Yes, a word with the air steward would sometimes get a visit. The door to the pilots wasn't locked and often swung open when the pilots got lunch etc brought in. This has made me think. Are pilots allowed out on a longhall flight anymore?
Yes, the visit their families and sometimes sleep in 1st on BA regularly
viques · 12/09/2021 00:49

@TwoleftUggs

In 2000 my mum and I flew to Amsterdam. The guy sitting over the aisle from us sat stroking a knife the whole time we were sat in the runway. It freaked us out a bit tbh, a stewardess asked him to put it away, he told her he was going to use it to cut up his apple and she left him to get on with it. A knife! It sounds bonkers now.
I always used to take a small sharp knife in my hand luggage to peel fruit. I only got stopped once, I said the the officer searching the bag after the x ray machine , “ be careful, there’s a sharp little knife in there” . He gave me a look, and a sigh and said “ I know” . Let it through though.
hufffflufff · 12/09/2021 00:51

If you were nice to the pilots they would even let you in the cockpit!! Now that was cool!

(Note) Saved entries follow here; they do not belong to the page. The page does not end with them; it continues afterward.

text \<open>rho_{alpha beta}: the linear map on D with rho(beta!^(-1/2) zbar^beta) = alpha!^(-1/2) zbar^alpha
  and rho(zbar^gamma) = 0 for gamma /= beta.\<close>
definition rho :: "('n::finite \<Rightarrow> nat) \<Rightarrow> ('n \<Rightarrow> nat) \<Rightarrow> 'n pol \<Rightarrow> 'n pol" where
  "rho \<alpha> \<beta> = restrict (\<lambda>f m. f ((\<lambda>i. 0), \<beta>) *
      complex_of_real (sqrt (mfact \<beta>) / sqrt (mfact \<alpha>)) * zbar \<alpha> m) Dsp"

end

theory Submission
  imports Defs "HOL-Probability.Distributions"
begin

text \<open>
  On D = C[zbar] the orthogonal projection rho00t onto C[z] keeps only the constant term, because
  the Gaussian moments M(a, c) = int exp(-|z|^2) z^a zbar^c vanish unless a = c. Integration by
  parts in the real coordinates gives the Wirtinger identity
  int exp(-|z|^2) z_i F = int exp(-|z|^2) dF/dzbar_i, hence M(a + e_i, c) = c_i M(a, c - e_i),
  a recursion that kills every off-diagonal moment and keeps the diagonal ones nonzero.
  Consequently rhot alpha beta acts on D exactly as rho alpha beta: the constant term of
  a^beta f is beta! times the coefficient of zbar^beta in f, and on polynomials in zbar alone
  (a^*)^alpha is multiplication by zbar^alpha. Since rho alpha beta maps zbar^beta to a nonzero
  multiple of zbar^alpha and kills the other monomials, the coefficients of a finite combination
  of the rho can be read off from its values on the zbar^beta; this gives injectivity of res, and
  the same recipe writes every element of S as such a combination.
\<close>

section \<open>Gaussian integrals of polynomials in real coordinates\<close>

lemma
  fixes f :: "'a::euclidean_space \<Rightarrow> real \<Rightarrow> complex"
  assumes int: "\<And>b. b \<in> Basis \<Longrightarrow> integrable lborel (f b)"
  shows integrable_prod_Basis: "integrable lborel (\<lambda>x::'a. \<Prod>b\<in>Basis. f b (x \<bullet> b))"
    and integral_prod_Basis:
      "integral\<^sup>L lborel (\<lambda>x::'a. \<Prod>b\<in>Basis. f b (x \<bullet> b)) = (\<Prod>b\<in>Basis. integral\<^sup>L lborel (f b))"
proof -
  interpret product_sigma_finite "\<lambda>_::'a. lborel :: real measure"
    by (simp add: product_sigma_finite_def sigma_finite_lborel)
  let ?S = "\<lambda>g::'a \<Rightarrow> real. \<Sum>b\<in>Basis. g b *\<^sub>R b"
  have S_meas: "?S \<in> measurable (\<Pi>\<^sub>M b\<in>Basis. lborel) borel" by measurable
  have meas: "(\<lambda>x::'a. \<Prod>b\<in>Basis. f b (x \<bullet> b)) \<in> borel_measurable borel"
    by (rule borel_measurable_prod, rule measurable_compose[where f="\<lambda>x. x \<bullet> _" and N=borel])
       (use int in auto)
  have eq: "g \<in> space (\<Pi>\<^sub>M b\<in>Basis. lborel) \<Longrightarrow>
      (\<Prod>b\<in>Basis. f b (?S g \<bullet> b)) = (\<Prod>b\<in>Basis. f b (g b))" for g
    by (intro prod.cong refl) (simp add: inner_sum_left_Basis)
  have "integrable (\<Pi>\<^sub>M b\<in>Basis. lborel) (\<lambda>g. \<Prod>b\<in>Basis. f b (g b))"
    by (rule product_integrable_prod) (auto intro: int)
  then have "integrable (\<Pi>\<^sub>M b\<in>Basis. lborel) (\<lambda>g. \<Prod>b\<in>Basis. f b (?S g \<bullet> b))"
    by (rule Bochner_Integration.integrable_cong[THEN iffD2, OF refl eq, rotated])
  then show "integrable lborel (\<lambda>x::'a. \<Prod>b\<in>Basis. f b (x \<bullet> b))"
    by (subst lborel_eq) (rule integrable_distr_eq[OF S_meas meas, THEN iffD2])
  have "integral\<^sup>L lborel (\<lambda>x::'a. \<Prod>b\<in>Basis. f b (x \<bullet> b))
      = integral\<^sup>L (\<Pi>\<^sub>M b\<in>Basis. lborel) (\<lambda>g. \<Prod>b\<in>Basis. f b (?S g \<bullet> b))"
    by (subst lborel_eq) (rule integral_distr[OF S_meas meas])
  also have "\<dots> = integral\<^sup>L (\<Pi>\<^sub>M b\<in>Basis. lborel) (\<lambda>g. \<Prod>b\<in>Basis. f b (g b))"
    by (rule Bochner_Integration.integral_cong[OF refl eq])
  also have "\<dots> = (\<Prod>b\<in>Basis. integral\<^sup>L lborel (f b))"
    by (rule product_integral_prod) (auto intro: int)
  finally show "integral\<^sup>L lborel (\<lambda>x::'a. \<Prod>b\<in>Basis. f b (x \<bullet> b))
      = (\<Prod>b\<in>Basis. integral\<^sup>L lborel (f b))" .
qed

definition gauss_moment :: "nat \<Rightarrow> real" where
  "gauss_moment m = integral\<^sup>L lborel (\<lambda>t::real. exp (- t\<^sup>2) * t ^ m)"

lemma has_bochner_integral_gauss_moment_even:
  "has_bochner_integral lborel (\<lambda>t::real. exp (- t\<^sup>2) * t ^ (2 * k))
     (sqrt pi * (fact (2 * k) / (2 ^ (2 * k) * fact k)))"
  using has_bochner_integral_even_function[OF gaussian_moment_even_pos[of k]] by simp

lemma has_bochner_integral_gauss_moment_odd:
  "has_bochner_integral lborel (\<lambda>t::real. exp (- t\<^sup>2) * t ^ (2 * k + 1)) 0"
  by (rule has_bochner_integral_odd_function[OF gaussian_moment_odd_pos]) simp

lemma integrable_gauss_moment: "integrable lborel (\<lambda>t::real. exp (- t\<^sup>2) * t ^ m)"
proof (cases "even m")
  case True
  then obtain k where "m = 2 * k" by (auto elim: evenE)
  then show ?thesis using integrable.intros[OF has_bochner_integral_gauss_moment_even[of k]] by simp
next
  case False
  then obtain k where "m = 2 * k + 1" by (auto elim: oddE)
  then show ?thesis using integrable.intros[OF has_bochner_integral_gauss_moment_odd[of k]] by simp
qed

lemma gauss_moment_even: "gauss_moment (2 * k) = sqrt pi * (fact (2 * k) / (2 ^ (2 * k) * fact k))"
  unfolding gauss_moment_def
  by (rule has_bochner_integral_integral_eq[OF has_bochner_integral_gauss_moment_even])

lemma gauss_moment_odd: "gauss_moment (2 * k + 1) = 0"
  unfolding gauss_moment_def
  by (rule has_bochner_integral_integral_eq[OF has_bochner_integral_gauss_moment_odd])

lemma gauss_moment_0: "gauss_moment 0 = sqrt pi"
  using gauss_moment_even[of 0] by simp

OvaHere · 12/09/2021 00:55

@Autumnleavesfalling

Used to fly a lot as a child. Was allowed in the cockpit to meet the pilot. They would show you the controls and let you press buttons etc....don't think that would happen now!
There was a plane crash caused by a pilot letting his son do that. I saw a youtube video about it. Back in the 70s or 80s I think.
notimagain · 12/09/2021 00:56

(Ex) non US airline crewmember (pilot) here whose Career spanned 9/11 and beyond..

Some with long memories will recall there were problems with highjackers pre 9/11…

As result cabin baggage was screened at that time, people walked though the detector arches most places..the 9/11 highjackers went through that process ..you need to look at the likes of the 9/11 commission report to see what went wrong there.

Prior to 9/11 deck visits were allowed, that stopped overnight,

As I recall it the whole issue of liquids ban etc came in a while later, post Richard Reid.

NCBlossom · 12/09/2021 00:56

I flew back from Israel pre 9/11 and it was a bit of a shock - fully body searches in a small room by a very stern woman!

Little did I know it was going to get a bit more like that worldwide.